Ezair v Ezair [2012] EWCA Civ 893

In ancillary relief proceedings, the parties agreed that their assets were worth £2.63m

as to business assets and £2.04m as to privately owned assets. They both agreed that

this was a 50/50 case and the area of dispute was as to how the assets were to be

redistributed. The husband contended that each should receive shares in both types

of assets, while the wife argued that she should receive all the privately owned

properties and a balancing lump sum. The judge found that the husband was

untrustworthy and that it would be risky to give him absolute control over the

business assets assigned to the wife. He concluded that a sum of £322,000 was

required but that, in addition, to reflect the husband’s misconduct in the proceedings,

this should be increased to £500,000. The husband appealed.

Held – allowing the appeal in part –

(1) The judge was fully entitled to have regard to the submissions by the wife’s

counsel that the husband’s conduct of the case, as a litigant in person, had

inflated her legal costs above what they would otherwise have been.

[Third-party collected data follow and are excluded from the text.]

(* Let $0<S<T$, let $\tilde\beta:[0,T]\to\mathbb{R}^d$, $\tilde B:[0,T]\to\mathbb{R}^{d\times d}$, $\tilde\sigma:[0,T]\to\mathbb{R}^{d\times d'}$ be continuous, $\tilde a=\tilde\sigma\tilde\sigma'$, $L_S\in\mathbb{R}^{m_S\times d}$, $L_T\in\mathbb{R}^{m_T\times d}$, and let $\Sigma_S,\Sigma_T$ be symmetric positive definite matrices of sizes $m_S$, $m_T$. With $\tilde L$, $\Upsilon$ as in the context, assume that for every $t\in[0,T]$ the matrix $\tilde M(t)=\big(\int_t^T\tilde L(\tau)\tilde a(\tau)\tilde L(\tau)'\,\mathrm d\tau+\Upsilon(t)\big)^{-1}$ exists and that the null space of $\tilde L(t)$ is $\{0\}$. Let $\tilde H(t)=\tilde L(t)'\tilde M(t)\tilde L(t)$ and $\tilde H^\dagger(t)=\tilde H(t)^{-1}$. Then for $t\in(S,T]$, $$\frac{\mathrm d\tilde H^\dagger(t)}{\mathrm dt}=\tilde B(t)\tilde H^\dagger(t)+\tilde H^\dagger(t)\tilde B(t)'-\tilde a(t),\qquad \tilde H^\dagger(T)=\big(L_T'\Sigma_T^{-1}L_T\big)^{-1}.$$ On $[0,S]$ the same differential equation holds, and $\tilde H^\dagger(S)$ is obtained from the right limit $\tilde H^\dagger(S+)$ by $$\tilde H^\dagger(S)=\tilde H^\dagger(S+)-\tilde H^\dagger(S+)L_S'\big(\Sigma_S+L_S\tilde H^\dagger(S+)L_S'\big)^{-1}L_S\tilde H^\dagger(S+).$$
   Context: Let $\Phi$ solve $\mathrm d\Phi(t)=\tilde B(t)\Phi(t)\,\mathrm dt$, $\Phi(0)=I$, and $\Phi(t,s)=\Phi(t)\Phi(s)^{-1}$. Define $\tilde L(t)=\begin{bmatrix}L_S\Phi(S,t)\mathbf 1_{[0,S]}(t)\\ L_T\Phi(T,t)\end{bmatrix}$ for $t\in[0,S]$ and $\tilde L(t)=L_T\Phi(T,t)$ for $t\in(S,T]$; $\Upsilon(t)=\operatorname{diag}(\Sigma_S,\Sigma_T)$ for $t\in[0,S]$ and $\Upsilon(t)=\Sigma_T$ for $t\in(S,T]$. For $t\in[0,S]$, in the integral defining $\tilde M(t)$ the integrand $\tilde L(\tau)$ means the $(m_S+m_T)\times d$ matrix $\begin{bmatrix}L_S\Phi(S,\tau)\mathbf 1_{[0,S]}(\tau)\\ L_T\Phi(T,\tau)\end{bmatrix}$ for all $\tau\in[t,T]$. $f(S+)$ denotes the right limit at $S$. *)

theory Defs
  imports "HOL-Analysis.Analysis"
begin
(* Let $f_1,g_1:\mathbb{R}^n\to\Delta_k$ be measurable. Then there exist explicitly defined $f_2,g_2:\mathbb{R}^{n+2}\to[k]$ (with $[k]$ identified with $\{\mathbf{e}_1,\dots,\mathbf{e}_k\}\subset\mathbb{R}^k$) such that (1) $\mathbf{E}[f_2]=\mathbf{E}[f_1]$ and $\mathbf{E}[g_2]=\mathbf{E}[g_1]$; (2) for every $t\ge 0$ and all $1\le j,\ell\le k$, $\mathbf{E}[f_{1,j}\,P_t g_{1,\ell}]=\mathbf{E}[f_{2,j}\,P_t g_{2,\ell}]$. Further, $f_2$ depends only on $f_1$ and $g_2$ depends only on $g_1$.
   Context: $\Delta_k$ is the convex hull of the standard unit vectors $\mathbf{e}_1,\dots,\mathbf{e}_k$ of $\mathbb{R}^k$. All expectations are with respect to the standard Gaussian measure $\gamma_m$ on the relevant space $\mathbb{R}^m$ ($m=n$ or $m=n+2$). For a function $h=(h_1,\dots,h_k):\mathbb{R}^m\to\mathbb{R}^k$, $h_j$ denotes its $j$-th coordinate. The Ornstein–Uhlenbeck operator is $(P_t h)(x)=\int h(e^{-t}x+\sqrt{1-e^{-2t}}\,y)\,d\gamma_m(y)$. *)

theory Defs
  imports "HOL-Analysis.Analysis"
begin

definition std_gauss :: "'a::euclidean_space measure" where
  "std_gauss = density lborel
     (\<lambda>x. ennreal ((2 * pi) powr (- real DIM('a) / 2) * exp (- (norm x)\<^sup>2 / 2)))"

definition OU :: "real \<Rightarrow> ('a::euclidean_space \<Rightarrow> real) \<Rightarrow> 'a \<Rightarrow> real" where
  "OU t h x = (\<integral>y. h (exp (- t) *\<^sub>R x + sqrt (1 - exp (- 2 * t)) *\<^sub>R y) \<partial>std_gauss)"

definition simplex_k :: "(real ^ 'k::finite) set" where
  "simplex_k = convex hull (range (\<lambda>i. axis i 1))"

definition vertices_k :: "(real ^ 'k::finite) set" where
  "vertices_k = range (\<lambda>i. axis i 1)"

end

theory Submission
  imports Defs "HOL-Probability.Probability"
begin

text \<open>
  Let \<open>\<Phi>\<close> be the distribution function of the one-dimensional standard Gaussian, so that
  \<open>\<Phi>(y)\<close> is uniform on \<open>[0,1]\<close> when \<open>y\<close> is standard Gaussian. Put
  \<open>f\<^sub>2(x, y\<^sub>1, y\<^sub>2) = e\<^sub>J\<close>, where \<open>J\<close> is sampled from the probability vector \<open>f\<^sub>1(x)\<close> by
  inverting its cumulative distribution at \<open>\<Phi>(y\<^sub>1)\<close>, and define \<open>g\<^sub>2\<close> in the same way from
  \<open>g\<^sub>1\<close> and \<open>y\<^sub>2\<close>. Averaging over the extra coordinate returns \<open>f\<^sub>1(x)\<close> (resp.\ \<open>g\<^sub>1(x)\<close>),
  which gives the means. The Ornstein-Uhlenbeck operator acts coordinatewise on
  \<open>\<real>\<^sup>n \<times> \<real> \<times> \<real>\<close>, so \<open>P\<^sub>t g\<^sub>2\<close> does not depend on \<open>y\<^sub>1\<close>, and integrating it over \<open>y\<^sub>2\<close>
  gives \<open>P\<^sub>t g\<^sub>1\<close> because \<open>e\<^sup>-\<^sup>t Y + (1 - e\<^sup>-\<^sup>2\<^sup>t)\<^sup>1\<^sup>/\<^sup>2 W\<close> is again standard Gaussian. Since
  \<open>f\<^sub>2\<close> depends only on \<open>(x, y\<^sub>1)\<close>, the correlation \<open>E[f\<^sub>2\<^sub>,\<^sub>j P\<^sub>t g\<^sub>2\<^sub>,\<^sub>\<ell>]\<close> reduces to
  \<open>E[f\<^sub>1\<^sub>,\<^sub>j P\<^sub>t g\<^sub>1\<^sub>,\<^sub>\<ell>]\<close>.
\<close>

section \<open>The standard Gaussian measure\<close>

lemma sets_std_gauss [simp, measurable_cong]: "sets (std_gauss :: 'a::euclidean_space measure) = sets borel"
  by (simp add: std_gauss_def)

lemma space_std_gauss [simp]: "space (std_gauss :: 'a::euclidean_space measure) = UNIV"
  by (simp add: std_gauss_def)

lemma std_gauss_density_eq_prod:
  fixes x :: "'a::euclidean_space"
  shows "(2 * pi) powr (- real DIM('a) / 2) * exp (- (norm x)\<^sup>2 / 2) =
    (\<Prod>b\<in>Basis. std_normal_density (x \<bullet> b))"
proof -
  let ?c = "(2 * pi) powr (- 1 / 2) :: real"
  have "(norm x)\<^sup>2 = (\<Sum>b\<in>Basis. (x \<bullet> b)\<^sup>2)"
    unfolding power2_norm_eq_inner euclidean_inner[of x x] by (simp only: power2_eq_square)
  moreover have "exp (- (\<Sum>b\<in>Basis. (x \<bullet> b)\<^sup>2) / 2) = (\<Prod>b\<in>Basis. exp (- (x \<bullet> b)\<^sup>2 / 2))"
    by (simp add: exp_sum[symmetric] sum_negf sum_divide_distrib)
  moreover have "(2 * pi) powr (- real DIM('a) / 2) = (\<Prod>b\<in>(Basis::'a set). ?c)"
    by (simp add: powr_power)
  moreover have "std_normal_density u = ?c * exp (- u\<^sup>2 / 2)" for u
    unfolding normal_density_def by (simp add: powr_minus_divide powr_half_sqrt)
  ultimately show ?thesis
    by (simp only: prod.distrib)
qed

lemma std_gauss_real: "std_gauss = std_normal_distribution"
  unfolding std_gauss_def using std_gauss_density_eq_prod[where 'a=real] by simp

lemma prob_space_std_gauss: "prob_space (std_gauss :: 'a::euclidean_space measure)"
proof
  have "emeasure (std_gauss :: 'a measure) UNIV =
      (\<integral>\<^sup>+(x::'a). ennreal (\<Prod>b\<in>Basis. std_normal_density (x \<bullet> b)) \<partial>lborel)"
    unfolding std_gauss_def std_gauss_density_eq_prod by (simp add: emeasure_density)
  also have "\<dots> = (\<integral>\<^sup>+(x::'a). (\<Prod>b\<in>Basis. ennreal (std_normal_density (x \<bullet> b))) \<partial>lborel)"
    by (simp add: prod_ennreal)
  also have "\<dots> = (\<Prod>b\<in>(Basis::'a set). \<integral>\<^sup>+u. ennreal (std_normal_density u) \<partial>lborel)"
    by (rule nn_integral_lborel_prod) auto
  also have "\<dots> = 1"
    using prob_space.emeasure_space_1[OF prob_space_normal_density[of 1 0]] by (simp add: emeasure_density)
  finally show "emeasure std_gauss (space (std_gauss :: 'a measure)) = 1" by simp
qed

interpretation std_gauss: prob_space "std_gauss :: 'a::euclidean_space measure"
  by (rule prob_space_std_gauss)

lemma measure_std_gauss_UNIV [simp]: "measure (std_gauss :: 'a::euclidean_space measure) UNIV = 1"
  using std_gauss.prob_space by simp

lemma std_gauss_pair:
  "(std_gauss :: ('a::euclidean_space \<times> 'b::euclidean_space) measure) = std_gauss \<Otimes>\<^sub>M std_gauss"
proof -
  define f where "f = (\<lambda>x::'a. ennreal ((2 * pi) powr (- real DIM('a) / 2) * exp (- (norm x)\<^sup>2 / 2)))"
  define g where "g = (\<lambda>y::'b. ennreal ((2 * pi) powr (- real DIM('b) / 2) * exp (- (norm y)\<^sup>2 / 2)))"
  have "(std_gauss :: 'a measure) \<Otimes>\<^sub>M (std_gauss :: 'b measure) = density (lborel \<Otimes>\<^sub>M lborel) (\<lambda>(x, y). f x * g y)"
    unfolding std_gauss_def f_def[symmetric] g_def[symmetric]
  proof (rule pair_measure_density)
    show "sigma_finite_measure (density lborel g)"
      using std_gauss.sigma_finite_measure_axioms[where 'a='b] unfolding std_gauss_def g_def .
  qed (auto simp: f_def g_def lborel.sigma_finite_measure_axioms)
  also have "\<dots> = std_gauss"
    unfolding lborel_prod std_gauss_def
  proof (intro arg_cong[where f="density lborel"] ext, clarify)
    fix x :: 'a and y :: 'b
    have "(2 * pi) powr (- real (DIM('a) + DIM('b)) / 2) =
        (2 * pi) powr (- real DIM('a) / 2) * (2 * pi) powr (- real DIM('b) / 2)"
      by (simp add: powr_add[symmetric] add_divide_distrib diff_divide_distrib)
    moreover have "exp (- (norm (x, y))\<^sup>2 / 2) = exp (- (norm x)\<^sup>2 / 2) * exp (- (norm y)\<^sup>2 / 2)"
      by (simp add: norm_Pair exp_add[symmetric] add_divide_distrib)
    ultimately show "f x * g y = ennreal ((2 * pi) powr (- real DIM('a \<times> 'b) / 2) * exp (- (norm (x, y))\<^sup>2 / 2))"
      by (simp add: f_def g_def ennreal_mult[symmetric] mult_ac)
  qed
  finally show ?thesis ..
qed

lemma sets_std_gauss_pair:
  "sets ((std_gauss :: 'a::euclidean_space measure) \<Otimes>\<^sub>M (std_gauss :: 'b::euclidean_space measure)) = sets borel"
  unfolding std_gauss_pair[symmetric] by simp

lemma integral_std_gauss_pair:
  fixes G :: "'a::euclidean_space \<times> 'b::euclidean_space \<Rightarrow> 'c::{banach, second_countable_topology}"
  assumes [measurable]: "G \<in> borel_measurable borel" and bound: "\<And>z. norm (G z) \<le> B"
  shows "(\<integral>z. G z \<partial>std_gauss) = (\<integral>x. \<integral>y. G (x, y) \<partial>std_gauss \<partial>std_gauss)"
proof -
  interpret P: pair_prob_space "std_gauss :: 'a measure" "std_gauss :: 'b measure" ..
  have "integrable (std_gauss \<Otimes>\<^sub>M std_gauss) G"
    using bound measurable_cong_sets[OF sets_std_gauss_pair refl, of borel]
    by (intro P.integrable_const_bound[where B=B]) auto
  then show ?thesis
    by (simp add: P.integral_fst' std_gauss_pair)
qed

lemma integral_std_gauss_fst:
  fixes h :: "'a::euclidean_space \<Rightarrow> 'c::{banach, second_countable_topology}"
  assumes [measurable]: "h \<in> borel_measurable borel" and "\<And>x. norm (h x) \<le> B"
  shows "(\<integral>z. h (fst z) \<partial>(std_gauss :: ('a \<times> 'b::euclidean_space) measure)) = (\<integral>x. h x \<partial>std_gauss)"
proof -
  have "(\<lambda>z::'a \<times> 'b. h (fst z)) \<in> borel_measurable borel"
    unfolding borel_prod[symmetric] by measurable
  then show ?thesis
    using assms by (subst integral_std_gauss_pair[where B=B]) auto
qed

lemma integral_std_gauss_snd:
  fixes h :: "'b::euclidean_space \<Rightarrow> 'c::{banach, second_countable_topology}"
  assumes [measurable]: "h \<in> borel_measurable borel" and "\<And>x. norm (h x) \<le> B"
  shows "(\<integral>z. h (snd z) \<partial>(std_gauss :: ('a::euclidean_space \<times> 'b) measure)) = (\<integral>x. h x \<partial>std_gauss)"
proof -
  have "(\<lambda>z::'a \<times> 'b. h (snd z)) \<in> borel_measurable borel"
    unfolding borel_prod[symmetric] by measurable
  then show ?thesis
    using assms by (subst integral_std_gauss_pair[where B=B]) auto
qed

It was

perfectly open to the judge to conclude, in the application of FPR 2010, r 28.3,

55

that this was not a case that fell comfortably within the general rule that there

should be no order for costs and that he could penalise the husband and

compensate the wife for that element of wasted costs. However, it was

unorthodox simply to inflate the lump sum as he had done. It produced the

result that the wasted costs order came out at £178,000 but that was simply a

mathematical consequence rather than a reasoned and considered quantification.

(2) The safe and orthodox approach was to make an assessment of the lump sum

having regard to all the s 25 criteria, and then to make a distinct costs order that

marked the litigation misconduct of one party and quantified it in a reasoned

manner.

(3) The lump sum order should be re-written in the sum of £322,000. An order

would be added that the husband pay to the wife the costs she had unnecessarily

incurred in consequence of his misconduct, to be quantified by the trial judge,

having regard to the fact that the husband was a litigant in person in complex

proceedings and that he had already been condemned in costs at earlier stages of

the litigation, and that the wife’s costs had yet to be assessed by a costs judge.